Thank you for your response! I am pasting the output of running gdb and bt below. Unfortunately I am a complete novice and have no clue what the following message might mean, of course this may be useful for anyone else who is attempting the same thing.

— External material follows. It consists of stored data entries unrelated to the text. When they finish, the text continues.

lemma active_walk_reversed_through_v:
  assumes walk: "active_walk E Z (xs @ v # ys)" and dist: "distinct (xs @ v # ys)"
    and "xs = [] \<or> last xs \<noteq> w" and "ys = [] \<or> hd ys \<noteq> w"
  shows "\<exists>q. active_walk E' Z q \<and> hd q = hd (xs @ v # ys) \<and> last q = last (xs @ v # ys)"
proof -
  have left: "active_walk E' Z (us @ [a, v])" if "xs = us @ [a]" for us a
    using active_walk_appendD1[of E Z "us @ [a, v]" ys] walk dist assms(3) that
    by (intro active_walk_reversed_ending_at_v) auto
  have right: "active_walk E' Z (v # b # zs)" if "ys = b # zs" for b zs
    using active_walk_appendD2[of E Z xs "v # b # zs"] walk dist assms(4) that
    by (intro active_walk_reversed_starting_at_v) auto
  consider "xs = []" | "ys = []" | us a b zs where "xs = us @ [a]" "ys = b # zs"
    by (metis neq_Nil_conv rev_exhaust)
  then show ?thesis
  proof cases
    case 1
    with walk obtain b zs where "ys = b # zs"
      using active_walk_length[OF walk] by (cases ys) auto
    with 1 right show ?thesis by auto
  next
    case 2
    with walk obtain us a where "xs = us @ [a]"
      using active_walk_length[OF walk] by (cases xs rule: rev_cases) auto
    with 2 left show ?thesis by auto
  next
    case 3
    with walk have triple: "active_triple E Z a v b"
      using active_walk_split_at_vertex[of E Z us a v b zs] by simp
    show ?thesis
    proof (cases "collider E a v b")
      case True
      have "active_walk E' Z (us @ a # w # b # zs)"
        using active_walk_reversed_reroute_collider[OF left[OF 3(1)] right[OF 3(2)] True triple] .
      moreover have "hd (us @ a # w # b # zs) = hd (xs @ v # ys)" using 3 by (cases us) auto
      moreover have "last (us @ a # w # b # zs) = last (xs @ v # ys)" using 3 by simp
      ultimately show ?thesis by blast
    next
      case False
      have "a \<noteq> w" "b \<noteq> w" using assms(3,4) 3 by auto
      with False triple have "active_triple E' Z a v b"
        by (auto simp: mem_reverse_edge_iff)
      with 3 left right show ?thesis
        using active_walk_split_at_vertex[of E' Z us a v b zs] by auto
    qed
  qed
qed

lemma active_walk_reversed_prefix_keep:
  assumes "active_walk E Z (xs @ [v, w])" and "v \<notin> set xs" "w \<notin> set xs"
    and "xs = [] \<or> (last xs, v) \<notin> E" and "(u, v) \<in> E'"
  shows "active_walk E' Z (xs @ [v, u])"
proof (cases xs rule: rev_cases)
  case Nil
  with assms(5) show ?thesis by simp
next
  case (snoc us x)
  with assms(1) have "active_walk E Z (us @ [x, v])" "active_triple E Z x v w"
    using active_walk_split_at_vertex[of E Z us x v w "[]"] by auto
  moreover have "(x, v) \<notin> E" "(x, v) \<notin> E'"
    using assms(3,4) snoc by (auto simp: mem_reverse_edge_iff)
  ultimately have "active_walk E' Z (us @ [x, v])" "active_triple E' Z x v u"
    using assms(2,3) snoc active_walk_reversed_ending_at_v[of Z us x] by auto
  with snoc assms(5) show ?thesis
    using active_walk_split_at_vertex[of E' Z us x v u "[]"] by auto
qed

lemma active_walk_reversed_suffix:
  assumes "active_walk E Z (v # w # ys)" and "v \<notin> set ys" and "adjacent E' u w"
    and "(u, w) \<in> E' \<or> ys = [] \<or> (hd ys, w) \<notin> E"
  shows "active_walk E' Z (u # w # ys)"
proof (cases ys)
  case Nil
  with assms(3) show ?thesis by simp
next
  case (Cons y zs)
  with assms(1) have triple: "active_triple E Z v w y" and rest: "active_walk E Z (w # y # zs)"
    by simp_all
  have "y \<noteq> v" using assms(2) Cons by auto
  then have yw: "(y, w) \<in> E' \<longleftrightarrow> (y, w) \<in> E" by (auto simp: mem_reverse_edge_iff)
  have "active_triple E' Z u w y"
  proof (cases "(y, w) \<in> E")
    case True
    with triple edge obtain d where "d \<in> Z" "(w, d) \<in> E\<^sup>*" by auto
    with True yw assms(4) Cons show ?thesis
      using descendant_reversed v_neq_w by auto
  next
    case False
    with triple yw show ?thesis by auto
  qed
  moreover have "active_walk E' Z (w # y # zs)"
    using rest assms(2) Cons v_neq_w by (intro active_walk_reversed_avoiding) auto
  ultimately show ?thesis
    using assms(3) Cons by simp
qed

lemma active_walk_reversed_skip_v:
  assumes walk: "active_walk E Z (us @ x # v # w # ys)" and dist: "distinct (us @ x # v # w # ys)"
    and xv: "(x, v) \<in> E"
  shows "active_walk E' Z (us @ x # w # ys)"
proof -
  have "active_walk E Z (us @ [x, v])" and right: "active_walk E Z (v # w # ys)"
    using walk active_walk_split_at_vertex[of E Z us x v w ys] by simp_all
  with dist have "active_walk E' Z (us @ [x, v])"
    by (intro active_walk_reversed_ending_at_v) auto
  moreover have xw: "(x, w) \<in> E'" and "(v, x) \<notin> E'" "(w, x) \<notin> E'"
    using dist xv parent_w_iff acyclic_asym[OF acyclic] by (auto simp: mem_reverse_edge_iff)
  ultimately have "active_walk E' Z (us @ [x, w])"
    by (blast intro: active_walk_replace_last)
  moreover have "active_walk E' Z (x # w # ys)"
    using right dist xw by (intro active_walk_reversed_suffix) auto
  ultimately show ?thesis
    using active_walk_split_at_edge[of E' Z us x w ys] by blast
qed

lemma active_walk_reversed_skip_w:
  assumes walk: "active_walk E Z (xs @ v # w # y # ys)" and dist: "distinct (xs @ v # w # y # ys)"
    and "xs = [] \<or> (last xs, v) \<notin> E" and yw: "(y, w) \<in> E"
  shows "active_walk E' Z (xs @ v # y # ys)"
proof -
  have left: "active_walk E Z (xs @ [v, w])" and right: "active_walk E Z (w # y # ys)"
    using walk active_walk_split_at_edge[of E Z xs v w "y # ys"] by (simp_all add: active_walk_ConsD)
  have yv: "(y, v) \<in> E'" and "(w, y) \<notin> E'" "(v, y) \<notin> E'"
    using dist yw parent_w_iff acyclic_asym[OF acyclic] by (auto simp: mem_reverse_edge_iff)
  with left dist assms(3) have "active_walk E' Z (xs @ [v, y])"
    by (intro active_walk_reversed_prefix_keep) auto
  moreover have "active_walk E' Z (w # y # ys)"
    using right dist v_neq_w by (intro active_walk_reversed_avoiding) auto
  then have "active_walk E' Z (v # y # ys)"
    using yv \<open>(w, y) \<notin> E'\<close> \<open>(v, y) \<notin> E'\<close> by (blast intro: active_walk_replace_hd)
  ultimately show ?thesis
    using active_walk_split_at_edge[of E' Z xs v y ys] by blast
qed

lemma active_walk_reversed_keep_edge:
  assumes walk: "active_walk E Z (xs @ v # w # ys)" and dist: "distinct (xs @ v # w # ys)"
    and "xs = [] \<or> (last xs, v) \<notin> E" and "ys = [] \<or> (hd ys, w) \<notin> E"
  shows "active_walk E' Z (xs @ v # w # ys)"
proof -
  have left: "active_walk E Z (xs @ [v, w])" and right: "active_walk E Z (v # w # ys)"
    using walk active_walk_split_at_edge[of E Z xs v w ys] by auto
  have "active_walk E' Z (xs @ [v, w])"
    using left dist assms(3) by (intro active_walk_reversed_prefix_keep) (auto simp: mem_reverse_edge_iff)
  moreover have "active_walk E' Z (v # w # ys)"
    using right dist assms(4) by (intro active_walk_reversed_suffix) (auto simp: mem_reverse_edge_iff)
  ultimately show ?thesis
    using active_walk_split_at_edge[of E' Z xs v w ys] by blast
qed

lemma active_walk_reversed_through_edge:
  assumes walk: "active_walk E Z (xs @ v # w # ys)" and dist: "distinct (xs @ v # w # ys)"
  shows "\<exists>q. active_walk E' Z q \<and> hd q = hd (xs @ v # w # ys) \<and> last q = last (xs @ v # w # ys)"
proof (cases "xs \<noteq> [] \<and> (last xs, v) \<in> E")
  case True
  then obtain us x where xs: "xs = us @ [x]" and xv: "(x, v) \<in> E"
    by (cases xs rule: rev_cases) auto
  with walk dist have "active_walk E' Z (us @ x # w # ys)"
    by (intro active_walk_reversed_skip_v) auto
  moreover have "hd (us @ x # w # ys) = hd (xs @ v # w # ys)" using xs by (cases us) auto
  ultimately show ?thesis by auto
next
  case no_skip_v: False
  show ?thesis
  proof (cases "ys \<noteq> [] \<and> (hd ys, w) \<in> E")
    case True
    then obtain y zs where ys: "ys = y # zs" and yw: "(y, w) \<in> E"
      by (cases ys) auto
    with walk dist no_skip_v have "active_walk E' Z (xs @ v # y # zs)"
      by (intro active_walk_reversed_skip_w) auto
    moreover have "hd (xs @ v # y # zs) = hd (xs @ v # w # ys)" by (cases xs) auto
    ultimately show ?thesis using ys by auto
  next
    case False
    with walk dist no_skip_v show ?thesis
      using active_walk_reversed_keep_edge by blast
  qed
qed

[Thread debugging using libthread_db enabled]
Using host libthread_db library “/lib/x86_64-linux-gnu/libthread_db.so.1”.
[New Thread 0x7fffe9140700 (LWP 832421)]
[New Thread 0x7fffe893f700 (LWP 832422)]
[New Thread 0x7fffe1dff700 (LWP 832423)]
[New Thread 0x7fffe15fe700 (LWP 832424)]
[New Thread 0x7fffe0dfd700 (LWP 832425)]
[New Thread 0x7fffc5fff700 (LWP 832426)]
[New Thread 0x7fffc57fe700 (LWP 832427)]
[New Thread 0x7fff3f801700 (LWP 832431)]

Thread 1 “main” received signal SIGSEGV, Segmentation fault.
0x00005555566d2fb0 in ?? ()
(gdb) bt
#0 0x00005555566d2fb0 in ?? ()
#1 0x00007fff3e7a8dc0 in ?? ()
#2 0x00007fff3e99a81c in ?? ()
#3 0x00007fff3e99a810 in ?? ()
#4 0x00007fff3e9daf58 in ?? ()
#5 0x00007ffff7d5a4eb in _Py_Dealloc (
op=) at /usr/local/src/conda/python-3.10.9/Objects/object.c:2295
#6 _Py_DECREF (op=0x555556cb1040)
at /usr/local/src/conda/python-3.10.9/Include/object.h:500
#7 _Py_XDECREF (op=0x555556cb1040)
at /usr/local/src/conda/python-3.10.9/Include/object.h:567
#8 _PyEval_EvalFrameDefault (tstate=, f=,
throwflag=)
at /usr/local/src/conda/python-3.10.9/Python/ceval.c:4280
#9 0x00007ffff7d663a7 in PyDict_GetItemWithError (key=0x7fff31550280, op=0x0)
at /usr/local/src/conda/python-3.10.9/Objects/object.c:1306
#10 _PyObject_GenericGetAttrWithDict (obj=,
name=0x7fff31550280, dict=0x0, suppress=0)
at /usr/local/src/conda/python-3.10.9/Objects/object.c:1285
#11 0x0000555555573420 in ?? ()
#12 0x00007fff3e7b02b0 in ?? ()
#13 0x00007fff31542610 in ?? ()
–Type for more, q to quit, c to continue without paging–
#14 0x00007fff3e7b02b0 in ?? ()
#15 0x00005555566d2fb0 in ?? ()
#16 0x00007fff3ea33070 in ?? ()
#17 0x00007ffff7d754c4 in PyObject_GenericGetAttr (
name=, obj=0x7fff316e7880)
at /usr/local/src/conda/python-3.10.9/Objects/object.c:1333
#18 PyObject_GetAttr (name=0x7fff3e7b02b0, v=0x7fff316e7880)
at /usr/local/src/conda/python-3.10.9/Objects/object.c:932
#19 _PyObject_GetAttrId (name=0x7ffff7fa2f30 <PyId__initializing.3>,
v=)
at /usr/local/src/conda/python-3.10.9/Objects/object.c:872
#20 PyModuleSpec_IsInitializing (
spec=)
at /usr/local/src/conda/python-3.10.9/Objects/moduleobject.c:709
#21 import_ensure_initialized (name=0x555555573ae0 <Py_FalseStruct>,
mod=0x5555566d2fb0, interp=)
at /usr/local/src/conda/python-3.10.9/Python/import.c:358
#22 PyImport_ImportModuleLevelObject (name=0x7fff3ea0af30,
globals=, locals=, fromlist=,
level=)
at /usr/local/src/conda/python-3.10.9/Python/import.c:1617
–Type for more, q to quit, c to continue without paging–
#23 0x00007ffff7d75987 in PyImport_ImportModuleLevelObject (
name=0x7fff3e79c800, globals=, locals=,
fromlist=, level=)
at /usr/local/src/conda/python-3.10.9/Include/object.h:500
#24 0x00007ffff7d818f8 in builtin___import (self=,
args=, kwds=)
at /usr/local/src/conda/python-3.10.9/Python/bltinmodule.c:272
#25 0x00007fff3e79d620 in ?? ()
#26 0x00005555566d2fb0 in ?? ()
#27 0x00007fff3ea2c9a0 in ?? ()
#28 0x0000000000000000 in ?? ()

ptrblck · February 14, 2023, 9:00pm

Unfortunately, I don’t see the root cause of the issue in the stacktrace besides a Dealloc call on an object which seems to be freed already.

ten_ko · June 20, 2023, 2:50am

Hello, I am also encountering this issue when using Cuda in Pybind embedded interpreter. Have you figured it out?